I have a problem with strings in python3. my var g is a normal string. But in it there is an annoying "xe2x80x93", because it comes from a web parser. I would like to convert this to the fitting character "-".
content = str(urllib.request.urlopen(site, timeout=10).read())
g = content.split('<h1 itemprop="name"')[1].split('</span></h1>')[0].split('<span>')[1].replace("\\", "")
print(type(g)) --> string
print(g) --> "Flash xe2x80x93 der rote Blitz"
print(g.encode('latin-1').decode('utf-8')) --> AttributeError: 'str' object has no attribute 'decode'
print(repr(g.decode('unicode-escape'))) --> AttributeError: 'str' object has no attribute 'decode'
print(g.encode('ascii','replace')) --> b'Flash xe2x80x93 der rote Blitz'
print(bytes(g, "utf-8").decode()) --> "Flash xe2x80x93 der rote Blitz"
print(bytes(g, "utf-8").decode("unicode_escape")) --> "Flash â der rote Blitz"
How can it works?

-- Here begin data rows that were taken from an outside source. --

(* In the D-RR setting under the strongly convex assumptions, let $\alpha_t=\alpha$ for all $t$, where $\alpha>0$ satisfies $$\alpha\le\min\Big\{\sqrt{\frac{2-\rho_w^2}{24\rho_w^2(5-\rho_w^2)}}\frac{1-\rho_w^2}{L},\ \frac{1-\rho_w^2}{2\mu},\ \frac{(1-\rho_w^2)\mu}{8\sqrt{30}L^2}\Big\}$$ (first term $=+\infty$ if $\rho_w=0$). Then for all $t\ge0$, $$\frac1n\sum_{i=1}^n\mathbb{E}\|x_{i,t}^0-x^*\|^2\le\Big(1-\frac{\alpha\mu}{4}\Big)^{mt}H_0+\frac{4\alpha^2}{\mu}\Big(mL+\frac{240\rho_w^2L^2}{\mu(1-\rho_w^2)^2}\Big)\sigma_*^2+\Big(\frac{1+\rho_w^2}{2}\Big)^{mt}\frac{\|\mathbf x_0^0-\mathbf 1(\bar x_0^0)^\intercal\|^2}{n}+\frac{4\hat X_1}{n(1-\rho_w^2)^2}\alpha^2 .$$
   Context: D-RR setting. Let $n,m,p\ge1$ be integers and $[k]=\{1,\dots,k\}$. For $i\in[n]$, $\ell\in[m]$ let $f_{i,\ell}:\mathbb{R}^p\to\mathbb{R}$ be differentiable; $f_i:=\frac1m\sum_{\ell=1}^m f_{i,\ell}$, $f:=\frac1n\sum_{i=1}^n f_i$. Let $W=(w_{ij})\in\mathbb{R}^{n\times n}$ be nonnegative, symmetric, with $W\mathbf 1=\mathbf 1$, compliant with an undirected connected graph on $[n]$ (for $i\ne j$, $w_{ij}>0$ iff $\{i,j\}$ is an edge); $\rho_w$ is the spectral norm of $W-\frac1n\mathbf 1\mathbf 1^\intercal$ (so $\rho_w<1$). The D-RR algorithm: given deterministic initial points $x_{i,0}\in\mathbb{R}^p$ and stepsizes $\alpha_t>0$, at each epoch $t=0,1,\dots$ each agent $i$ draws a permutation $(\pi^i_0,\dots,\pi^i_{m-1})$ of $[m]$ uniformly at random, independently across agents and epochs; sets $x^0_{i,t}=x_{i,t}$; for $\ell=0,\dots,m-1$ sets $x^{\ell+1}_{i,t}=\sum_{j=1}^n w_{ij}\big(x^\ell_{j,t}-\alpha_t\nabla f_{j,\pi^j_\ell}(x^\ell_{j,t})\big)$; sets $x_{i,t+1}=x^m_{i,t}$. Notation: $\mathbf{x}_t^\ell\in\mathbb{R}^{n\times p}$ has $i$-th row $(x^\ell_{i,t})^\intercal$; $\bar x_t^\ell=\frac1n\sum_i x^\ell_{i,t}$; $\mathbf 1(\bar x_t^\ell)^\intercal$ is the $n\times p$ matrix all of whose rows equal $(\bar x_t^\ell)^\intercal$; $\|\cdot\|$ is Euclidean/Frobenius norm; $\mathbb{E}$ is expectation over all permutations. Strongly convex assumptions: each $f_{i,\ell}$ is $\mu$-strongly convex with $L$-Lipschitz gradient ($0<\mu\le L$); $x^*$ is the unique minimizer of $f$; $\sigma_*^2:=\frac{1}{mn}\sum_{i,\ell}\|\nabla f_{i,\ell}(x^* )\|^2$. $\omega:=\frac{16\alpha L^2}{n\mu(1-\rho_w^2)}$, $H_0:=\|\bar x_0^0-x^*\|^2+\omega\|\mathbf x_0^0-\mathbf 1(\bar x_0^0)^\intercal\|^2$, $\hat X_0:=H_0+\frac{28(m\mu+L)\sigma_*^2}{\mu L^2}$, $\hat X_1:=\frac{30nL^2}{1-\rho_w^2}\hat X_0+\frac{15n\rho_w^2}{1-\rho_w^2}\sigma_*^2+\frac{mn\mu(1-\rho_w^2)}{8L}\sigma_*^2$. *)

theory Defs
  imports "HOL-Analysis.Analysis"
begin

definition strongly_convex :: "real \<Rightarrow> ('a::real_inner \<Rightarrow> real) \<Rightarrow> bool" where
  "strongly_convex \<mu> f \<longleftrightarrow> convex_on UNIV (\<lambda>x. f x - \<mu> / 2 * (norm x)^2)"

(* Spectral norm of W - (1/n) 1 1^T, agents indexed by the finite type 'n, n = CARD('n) *)
definition rho_w :: "real^'n::finite^'n \<Rightarrow> real" where
  "rho_w W = onorm (\<lambda>v. (W - (\<chi> i j. 1 / real CARD('n))) *v v)"

definition mixing_graph_connected :: "real^'n::finite^'n \<Rightarrow> bool" where
  "mixing_graph_connected W \<longleftrightarrow>
     (\<forall>i j. (\<lambda>a b. a \<noteq> b \<and> W$a$b > 0)\<^sup>*\<^sup>* i j)"

(* Inner loop of one D-RR epoch: l steps starting from X, with permutations pi (agent => position => index) *)
fun drr_inner :: "real^'n::finite^'n \<Rightarrow> real \<Rightarrow> ('n \<Rightarrow> nat \<Rightarrow> 'a::real_vector \<Rightarrow> 'a)
     \<Rightarrow> ('n \<Rightarrow> nat \<Rightarrow> nat) \<Rightarrow> ('n \<Rightarrow> 'a) \<Rightarrow> nat \<Rightarrow> ('n \<Rightarrow> 'a)" where
  "drr_inner W \<alpha> g \<pi> X 0 = X"
| "drr_inner W \<alpha> g \<pi> X (Suc l) =
     (let Y = drr_inner W \<alpha> g \<pi> X l in
      (\<lambda>i. \<Sum>j\<in>UNIV. (W$i$j) *\<^sub>R (Y j - \<alpha> *\<^sub>R g j (\<pi> j l) (Y j))))"

(* Outer iterates x_t = x_t^0, with sigma t i the permutation of agent i at epoch t *)
fun drr_iter :: "real^'n::finite^'n \<Rightarrow> real \<Rightarrow> ('n \<Rightarrow> nat \<Rightarrow> 'a::real_vector \<Rightarrow> 'a) \<Rightarrow> nat
     \<Rightarrow> (nat \<Rightarrow> 'n \<Rightarrow> nat \<Rightarrow> nat) \<Rightarrow> ('n \<Rightarrow> 'a) \<Rightarrow> nat \<Rightarrow> ('n \<Rightarrow> 'a)" where
  "drr_iter W \<alpha> g m \<sigma> x0 0 = x0"
| "drr_iter W \<alpha> g m \<sigma> x0 (Suc t) = drr_inner W \<alpha> g (\<sigma> t) (drr_iter W \<alpha> g m \<sigma> x0 t) m"

(* All permutation choices for epochs < t (canonically id elsewhere); uniform distribution on this
   finite set = independent uniform permutations across agents and epochs *)
definition schedules :: "nat \<Rightarrow> nat \<Rightarrow> (nat \<Rightarrow> 'n::finite \<Rightarrow> nat \<Rightarrow> nat) set" where
  "schedules m t = {\<sigma>. \<forall>e i. (e < t \<longrightarrow> \<sigma> e i permutes {..<m}) \<and> (\<not> e < t \<longrightarrow> \<sigma> e i = id)}"

definition expect_sched :: "nat \<Rightarrow> nat \<Rightarrow> ((nat \<Rightarrow> 'n::finite \<Rightarrow> nat \<Rightarrow> nat) \<Rightarrow> real) \<Rightarrow> real" where
  "expect_sched m t h = (\<Sum>\<sigma>\<in>(schedules m t :: (nat \<Rightarrow> 'n \<Rightarrow> nat \<Rightarrow> nat) set). h \<sigma>) / real (card (schedules m t :: (nat \<Rightarrow> 'n \<Rightarrow> nat \<Rightarrow> nat) set))"

definition avg_pt :: "('n::finite \<Rightarrow> 'a::real_vector) \<Rightarrow> 'a" where
  "avg_pt X = (1 / real CARD('n)) *\<^sub>R (\<Sum>i\<in>UNIV. X i)"

definition consensus_err :: "('n::finite \<Rightarrow> 'a::real_normed_vector) \<Rightarrow> real" where
  "consensus_err X = (\<Sum>i\<in>UNIV. (norm (X i - avg_pt X))^2)"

I dont get any further.
You have the right idea with decode
.
By wrapping the output in str(...)
in this line:
content = str(urllib.request.urlopen(site, timeout=10).read())
You're either converting a bytes object to a string (which will be evident by a leading b'
and trailing '
in the content
), or, if it's already been decoded as ISO-8859-1, doing nothing.

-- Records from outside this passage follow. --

lemma card_wreath_fibres:
  "card {g \<in> carrier W. P g} = (\<Sum>x\<in>carrier B. card {\<alpha> \<in> carrier B \<rightarrow>\<^sub>E carrier A. P (\<alpha>, x)})"
proof -
  let ?\<Sigma> = "SIGMA x:carrier B. {\<alpha> \<in> carrier B \<rightarrow>\<^sub>E carrier A. P (\<alpha>, x)}"
  have "{g \<in> carrier W. P g} = (\<lambda>(x, \<alpha>). (\<alpha>, x)) ` ?\<Sigma>"
    by (auto simp: carrier_wreath image_iff)
  then have "card {g \<in> carrier W. P g} = card ?\<Sigma>"
    by (simp add: card_image inj_on_def)
  then show ?thesis
    using finite_A finite_B by (simp add: finite_PiE)
qed

lemma card_base_fibre:
  "card {\<beta> \<in> carrier B \<rightarrow>\<^sub>E carrier A. real (W.ord (\<beta>, \<one>\<^bsub>B\<^esub>)) \<le> T}
   = card {a \<in> carrier A. real (A.ord a) \<le> T} ^ p"
proof -
  have "real (W.ord (\<beta>, \<one>\<^bsub>B\<^esub>)) \<le> T \<longleftrightarrow> (\<forall>b\<in>carrier B. real (A.ord (\<beta> b)) \<le> T)"
    if "\<beta> \<in> carrier B \<rightarrow>\<^sub>E carrier A" for \<beta>
  proof -
    have "carrier B \<noteq> {}" using B.one_closed by blast
    then have "real (W.ord (\<beta>, \<one>\<^bsub>B\<^esub>)) = Max ((\<lambda>b. real (A.ord (\<beta> b))) ` carrier B)"
      using ord_wreath_base[OF that] finite_B by (simp add: mono_Max_commute[of real] image_image mono_def)
    then show ?thesis using finite_B \<open>carrier B \<noteq> {}\<close> by simp
  qed
  then have "{\<beta> \<in> carrier B \<rightarrow>\<^sub>E carrier A. real (W.ord (\<beta>, \<one>\<^bsub>B\<^esub>)) \<le> T}
      = carrier B \<rightarrow>\<^sub>E {a \<in> carrier A. real (A.ord a) \<le> T}"
    by (auto simp: PiE_iff extensional_def)
  then show ?thesis
    using finite_B card_B by (simp add: card_PiE)
qed

lemma card_nonbase_fibre:
  assumes x: "x \<in> carrier B" "x \<noteq> \<one>\<^bsub>B\<^esub>"
  shows "card {\<alpha> \<in> carrier B \<rightarrow>\<^sub>E carrier A. real (W.ord (\<alpha>, x)) \<le> real p * T}
    = card {a \<in> carrier A. real (A.ord a) \<le> T} * card (carrier A) ^ (p - 1)"
proof -
  have "real (W.ord (\<alpha>, x)) \<le> real p * T \<longleftrightarrow>
      \<alpha> \<one>\<^bsub>B\<^esub> \<otimes>\<^bsub>A\<^esub> cycle_tail \<alpha> x \<in> {a \<in> carrier A. real (A.ord a) \<le> T}"
    if "\<alpha> \<in> carrier B \<rightarrow>\<^sub>E carrier A" for \<alpha>
    using ord_wreath_nonbase[OF that x] fst_pow_p_one[OF that x(1)] cycle_tail_closed[OF that x(1)]
      that p_gt_1 by (auto simp: PiE_iff)
  then have "card {\<alpha> \<in> carrier B \<rightarrow>\<^sub>E carrier A. real (W.ord (\<alpha>, x)) \<le> real p * T}
      = card {\<alpha> \<in> carrier B \<rightarrow>\<^sub>E carrier A.
           \<alpha> \<one>\<^bsub>B\<^esub> \<otimes>\<^bsub>A\<^esub> cycle_tail \<alpha> x \<in> {a \<in> carrier A. real (A.ord a) \<le> T}}"
    by (metis (no_types, lifting))
  also have "\<dots> = card {a \<in> carrier A. real (A.ord a) \<le> T} * card (carrier A) ^ (card (carrier B) - 1)"
    by (rule card_PiE_shear[OF A.is_group finite_B B.one_closed _ cycle_tail_closed[OF _ x(1)]
          cycle_tail_fun_upd_one[OF x]]) auto
  finally show ?thesis using card_B by simp
qed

In either case, don't do that -- remove the wrapping str
call.
Now, content will be either a bytes
object or a str
object.
So if it's a string, it'll be already decoded (incorrectly) as ISO-8859-1. You'll want to encode it back to a bytes object, then decode it correctly:
content = urllib.request.urlopen(site, timeout=10).read()
if isinstance(content, str):
content = content.encode('iso-8859-1')
content = content.decode('utf8')
Now, your \xe2\x80\x93
bytes should properly show up as: –
Update:
From your comment, all you need to do is:
content = urllib.request.urlopen(site, timeout=10).read().decode('utf8')